SOURCE MATERIAL section start

lemma ultra_pair_commute: "ultra_pair U u v = ultra_pair U v u"
  by (simp add: ultra_pair_def mult.commute)

lemma ultra_pair_diff_right:
  assumes U: "is_ultrafilter U" and p: "1 < p" and pq: "1/p + 1/q = 1"
    and u: "bounded_Lp_seq p u" and v: "bounded_Lp_seq q v" and w: "bounded_Lp_seq q w"
  shows "ultra_pair U u (\<lambda>n x. v n x - w n x) = ultra_pair U u v - ultra_pair U u w"
proof -
  have "q > 0" using conjugate_exponent_gt_1[OF p pq] by simp
  then have lim: "((\<lambda>n. \<integral>x. u n x * (v n x - w n x) \<partial>mu01) \<longlongrightarrow> ultra_pair U u (\<lambda>n x. v n x - w n x)) U"
    using ultra_pair_tendsto[OF U p pq u bounded_Lp_seq_diff[OF _ v w]] by simp
  have "integrable mu01 (\<lambda>x. u n x * v n x)" "integrable mu01 (\<lambda>x. u n x * w n x)" for n
    using u v w by (auto simp: bounded_Lp_seq_def intro: integrable_mult_Lp[OF p pq])
  then have "(\<integral>x. u n x * (v n x - w n x) \<partial>mu01) =
      (\<integral>x. u n x * v n x \<partial>mu01) - (\<integral>x. u n x * w n x \<partial>mu01)" for n
    by (simp add: right_diff_distrib)
  then have "((\<lambda>n. \<integral>x. u n x * (v n x - w n x) \<partial>mu01) \<longlongrightarrow> ultra_pair U u v - ultra_pair U u w) U"
    using ultra_pair_tendsto[OF U p pq u v] ultra_pair_tendsto[OF U p pq u w] by (simp add: tendsto_diff)
  moreover have "U \<noteq> bot" using U by (simp add: is_ultrafilter_def)
  ultimately show ?thesis
    using tendsto_unique lim by blast
qed

lemma integral_trunc_above_tail_le:
  assumes p: "1 < p" and pq: "1/p + 1/q = 1" and u: "in_Lp p u" and v: "in_Lp q v"
    and C: "Lp_norm p u \<le> C" and r: "0 < r" and s: "0 \<le> s"
  shows "\<bar>\<integral>x. trunc_above r u x * (v x - trunc_above s v x) \<partial>mu01\<bar> \<le> s * (C powr p * r powr (1 - p))"
proof -
  have q: "q > 0" using conjugate_exponent_gt_1[OF p pq] by simp
  have "\<bar>\<integral>x. trunc_above r u x * (v x - trunc_above s v x) \<partial>mu01\<bar> \<le> (\<integral>x. s * r powr (1 - p) * \<bar>u x\<bar> powr p \<partial>mu01)"
  proof (rule integral_abs_bound_integral)
    show "integrable mu01 (\<lambda>x. trunc_above r u x * (v x - trunc_above s v x))"
      using p q u v by (intro integrable_mult_Lp[OF p pq] in_Lp_diff in_Lp_trunc_above) auto
    show "integrable mu01 (\<lambda>x. s * r powr (1 - p) * \<bar>u x\<bar> powr p)"
      using u by (simp add: in_Lp_def)
    fix x
    have "\<bar>trunc_above r u x\<bar> * \<bar>v x - trunc_above s v x\<bar> \<le> (\<bar>u x\<bar> powr p * r powr (1 - p)) * s"
      using p r s by (intro mult_mono abs_trunc_above_le_tail abs_sub_trunc_above_le) auto
    then show "\<bar>trunc_above r u x * (v x - trunc_above s v x)\<bar> \<le> s * r powr (1 - p) * \<bar>u x\<bar> powr p"
      by (simp add: abs_mult mult_ac)
  qed
  also have "\<dots> = s * r powr (1 - p) * Lp_norm p u powr p"
    using p by (simp add: Lp_norm_powr)
  also have "\<dots> \<le> s * r powr (1 - p) * C powr p"
    using C p s by (intro mult_left_mono powr_mono2) (auto simp: Lp_norm_nonneg)
  finally show ?thesis by (simp add: mult_ac)
qed

lemma integral_mult_diff_le:
  assumes p: "1 < p" and pq: "1/p + 1/q = 1"
    and u: "in_Lp p u" and F: "in_Lp p F" and v: "in_Lp q v" and G: "in_Lp q G"
    and Cu: "Lp_norm p u \<le> Cu" and Cv: "Lp_norm q v \<le> Cv" and CG: "Lp_norm q G \<le> CG"
    and r: "0 < r" and s: "0 \<le> s"
  shows "\<bar>\<integral>x. F x * (v x - G x) \<partial>mu01\<bar> \<le>
    (Cv + CG) * Lp_norm p (\<lambda>x. trunc_above r u x - F x)
    + s * (Cu powr p * r powr (1 - p))
    + Cu * Lp_norm q (\<lambda>x. trunc_above s v x - G x)"
proof -
  have q: "q > 0" using conjugate_exponent_gt_1[OF p pq] by simp
  define A where "A = trunc_above r u"
  define B where "B = trunc_above s v"
  have A: "in_Lp p A" and AF: "in_Lp p (\<lambda>x. A x - F x)"
    using p u F unfolding A_def by (auto intro!: in_Lp_diff in_Lp_trunc_above)
  have vB: "in_Lp q (\<lambda>x. v x - B x)" and BG: "in_Lp q (\<lambda>x. B x - G x)"
    using q v G unfolding B_def by (auto intro!: in_Lp_diff in_Lp_trunc_above)
  note int = integrable_mult_Lp[OF p pq]
  have "(\<integral>x. F x * (v x - G x) \<partial>mu01) = (\<integral>x. (A x - F x) * G x - (A x - F x) * v x
      + A x * (v x - B x) + A x * (B x - G x) \<partial>mu01)"
    by (rule Bochner_Integration.integral_cong) (auto simp: algebra_simps)
  also have "\<dots> = (\<integral>x. (A x - F x) * G x \<partial>mu01) - (\<integral>x. (A x - F x) * v x \<partial>mu01)
      + (\<integral>x. A x * (v x - B x) \<partial>mu01) + (\<integral>x. A x * (B x - G x) \<partial>mu01)"
    using int[OF AF G] int[OF AF v] int[OF A vB] int[OF A BG] by simp
  finally have split: "(\<integral>x. F x * (v x - G x) \<partial>mu01) = \<dots>" .
  have "\<bar>\<integral>x. (A x - F x) * G x \<partial>mu01\<bar> + \<bar>\<integral>x. (A x - F x) * v x \<partial>mu01\<bar> \<le>
      Lp_norm p (\<lambda>x. A x - F x) * (Lp_norm q v + Lp_norm q G)"
    using Holder_inequality[OF p pq AF G] Holder_inequality[OF p pq AF v] by (simp add: algebra_simps)
  moreover have "Lp_norm p (\<lambda>x. A x - F x) * (Lp_norm q v + Lp_norm q G) \<le> (Cv + CG) * Lp_norm p (\<lambda>x. A x - F x)"
    using Cv CG by (subst mult.commute, intro mult_left_mono) (auto simp: Lp_norm_nonneg)
  moreover have "\<bar>\<integral>x. A x * (v x - B x) \<partial>mu01\<bar> \<le> s * (Cu powr p * r powr (1 - p))"
    unfolding A_def B_def by (rule integral_trunc_above_tail_le[OF p pq u v Cu r s])
  moreover have "\<bar>\<integral>x. A x * (B x - G x) \<partial>mu01\<bar> \<le> Lp_norm p A * Lp_norm q (\<lambda>x. B x - G x)"
    by (rule Holder_inequality[OF p pq A BG])
  moreover have "Lp_norm p A * Lp_norm q (\<lambda>x. B x - G x) \<le> Cu * Lp_norm q (\<lambda>x. B x - G x)"
    using Lp_norm_trunc_above_le[OF _ u, of r] p Cu unfolding A_def
    by (intro mult_right_mono) (auto simp: Lp_norm_nonneg)
  ultimately show ?thesis
    unfolding split A_def B_def by linarith
qed

lemma eq_0_if_abs_le_vanishing:
  fixes X :: real and a b c :: "real \<Rightarrow> real"
  assumes a: "(a \<longlongrightarrow> 0) at_top" and b: "(b \<longlongrightarrow> 0) at_top" and c: "(c \<longlongrightarrow> 0) at_top"
    and le: "\<And>r s. 0 < r \<Longrightarrow> 0 < s \<Longrightarrow> \<bar>X\<bar> \<le> a r + s * b r + c s"
  shows "X = 0"
proof -
  have "\<bar>X\<bar> \<le> c s" if s: "0 < s" for s
  proof (rule tendsto_lowerbound)
    show "((\<lambda>r. a r + s * b r + c s) \<longlongrightarrow> c s) at_top"
      using tendsto_add[OF tendsto_add[OF a tendsto_mult_right_zero[OF b]] tendsto_const] by simp
    show "\<forall>\<^sub>F r in at_top. \<bar>X\<bar> \<le> a r + s * b r + c s"
      using eventually_gt_at_top[of 0] by eventually_elim (use le s in auto)
  qed simp
  then have "\<bar>X\<bar> \<le> 0"
    by (intro tendsto_lowerbound[OF c]) (auto intro: eventually_mono[OF eventually_gt_at_top[of 0]])
  then show ?thesis by simp
qed

lemma ultra_pair_R_diff_eq_0:
  assumes U: "is_ultrafilter U" and p: "1 < p" and pq: "1/p + 1/q = 1"
    and f: "bounded_Lp_seq p f" and g: "bounded_Lp_seq q g"
    and F: "is_R U p f F" and G: "is_R U q g G"
  shows "ultra_pair U F (\<lambda>n x. g n x - G n x) = 0"
proof -
  have q: "q > 0" using conjugate_exponent_gt_1[OF p pq] by simp
  obtain Cf Cg CG where Cf: "\<And>n. Lp_norm p (f n) \<le> Cf" and Cg: "\<And>n. Lp_norm q (g n) \<le> Cg"
    and CG: "\<And>n. Lp_norm q (G n) \<le> CG"
    using f g G by (auto simp: bounded_Lp_seq_def is_R_def)
  have F': "bounded_Lp_seq p F" and G': "bounded_Lp_seq q G"
    using F G by (simp_all add: is_R_def)
  define \<epsilon> where "\<epsilon> r = ultra_norm U p (\<lambda>n x. trunc_above r (f n) x - F n x)" for r
  define \<delta> where "\<delta> s = ultra_norm U q (\<lambda>n x. trunc_above s (g n) x - G n x)" for s
  define bound where "bound r s n = (Cg + CG) * Lp_norm p (\<lambda>x. trunc_above r (f n) x - F n x)
    + s * (Cf powr p * r powr (1 - p)) + Cf * Lp_norm q (\<lambda>x. trunc_above s (g n) x - G n x)" for r s n
  have "\<bar>ultra_pair U F (\<lambda>n x. g n x - G n x)\<bar> \<le>
      (Cg + CG) * \<epsilon> r + s * (Cf powr p * r powr (1 - p)) + Cf * \<delta> s"
    if r: "0 < r" and s: "0 < s" for r s
  proof (rule tendsto_le[of U])
    show "U \<noteq> bot" using U by (simp add: is_ultrafilter_def)
    show "((\<lambda>n. \<bar>\<integral>x. F n x * (g n x - G n x) \<partial>mu01\<bar>) \<longlongrightarrow> \<bar>ultra_pair U F (\<lambda>n x. g n x - G n x)\<bar>) U"
      by (intro tendsto_rabs ultra_pair_tendsto[OF U p pq F' bounded_Lp_seq_diff[OF q g G']])
    show "(bound r s \<longlongrightarrow> (Cg + CG) * \<epsilon> r + s * (Cf powr p * r powr (1 - p)) + Cf * \<delta> s) U"
      unfolding bound_def \<epsilon>_def \<delta>_def
      using p q f g F' G' bounded_Lp_seq_trunc_above bounded_Lp_seq_diff
      by (intro tendsto_intros ultra_norm_tendsto[OF U]) auto
    show "\<forall>\<^sub>F n in U. \<bar>\<integral>x. F n x * (g n x - G n x) \<partial>mu01\<bar> \<le> bound r s n"
      using f g F' G' Cf Cg CG r s unfolding bound_def bounded_Lp_seq_def
      by (intro always_eventually allI integral_mult_diff_le[OF p pq]) auto
  qed
  moreover have "(\<epsilon> \<longlongrightarrow> 0) at_top" "(\<delta> \<longlongrightarrow> 0) at_top"
    using F G unfolding \<epsilon>_def \<delta>_def is_R_def by simp_all
  moreover have "((\<lambda>r. Cf powr p * r powr (1 - p)) \<longlongrightarrow> 0) at_top"
    using p by (intro tendsto_mult_right_zero tendsto_neg_powr) (auto simp: filterlim_ident)
  ultimately show ?thesis
    by (intro eq_0_if_abs_le_vanishing[where a = "\<lambda>r. (Cg + CG) * \<epsilon> r"
          and b = "\<lambda>r. Cf powr p * r powr (1 - p)" and c = "\<lambda>s. Cf * \<delta> s"])
      (auto intro: tendsto_mult_right_zero)
qed

theorem lemma2p4:
  fixes p q :: real and U :: "nat filter" and f g F G :: "nat \<Rightarrow> real \<Rightarrow> real"
  assumes "1 < p" and "1/p + 1/q = 1"
    and "is_ultrafilter U" and "nonprincipal U"
    and "bounded_Lp_seq p f" and "bounded_Lp_seq q g"
    and "is_R U p f F" and "is_R U q g G"
  shows "ultra_pair U F g = ultra_pair U f G"
proof -
  note p = assms(1) and pq = assms(2) and U = assms(3) and f = assms(5) and g = assms(6)
    and RF = assms(7) and RG = assms(8)
  have q: "1 < q" using p pq by (rule conjugate_exponent_gt_1)
  have qp: "1/q + 1/p = 1" using pq by simp
  have F: "bounded_Lp_seq p F" and G: "bounded_Lp_seq q G"
    using RF RG by (simp_all add: is_R_def)
  have "ultra_pair U F g = ultra_pair U F G + ultra_pair U F (\<lambda>n x. g n x - G n x)"
    using ultra_pair_diff_right[OF U p pq F g G] by simp
  also have "\<dots> = ultra_pair U G F"
    using ultra_pair_R_diff_eq_0[OF U p pq f g RF RG] by (simp add: ultra_pair_commute)
  also have "\<dots> = ultra_pair U G F + ultra_pair U G (\<lambda>n x. f n x - F n x)"
    using ultra_pair_R_diff_eq_0[OF U q qp g f RG RF] by simp
  also have "\<dots> = ultra_pair U f G"
    using ultra_pair_diff_right[OF U q qp G f F] by (simp add: ultra_pair_commute)
  finally show ?thesis .
qed

end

SOURCE MATERIAL section end

**ABOUT THIS TASK:**
Repeat exactly, please, each line from the beginning of the data through the line with "(\<integral>x. u n x * v" in it, and only those lines.

**SOLUTION TO THIS PROBLEM:**
lemma ultra_pair_commute: "ultra_pair U u v = ultra_pair U v u"
  by (simp add: ultra_pair_def mult.commute)

lemma ultra_pair_diff_right:
  assumes U: "is_ultrafilter U" and p: "1 < p" and pq: "1/p + 1/q = 1"
    and u: "bounded_Lp_seq p u" and v: "bounded_Lp_seq q v" and w: "bounded_Lp_seq q w"
  shows "ultra_pair U u (\<lambda>n x. v n x - w n x) = ultra_pair U u v - ultra_pair U u w"
proof -
  have "q > 0" using conjugate_exponent_gt_1[OF p pq] by simp
  then have lim: "((\<lambda>n. \<integral>x. u n x * (v n x - w n x) \<partial>mu01) \<longlongrightarrow> ultra_pair U u (\<lambda>n x. v n x - w n x)) U"
    using ultra_pair_tendsto[OF U p pq u bounded_Lp_seq_diff[OF _ v w]] by simp
  have "integrable mu01 (\<lambda>x. u n x * v n x)" "integrable mu01 (\<lambda>x. u n x * w n x)" for n
    using u v w by (auto simp: bounded_Lp_seq_def intro: integrable_mult_Lp[OF p pq])
  then have "(\<integral>x. u n x * (v n x - w n x) \<partial>mu01) =
      (\<integral>x. u n x * v n x \<partial>mu01) - (\<integral>x. u n x * w n x \<partial>mu01)" for n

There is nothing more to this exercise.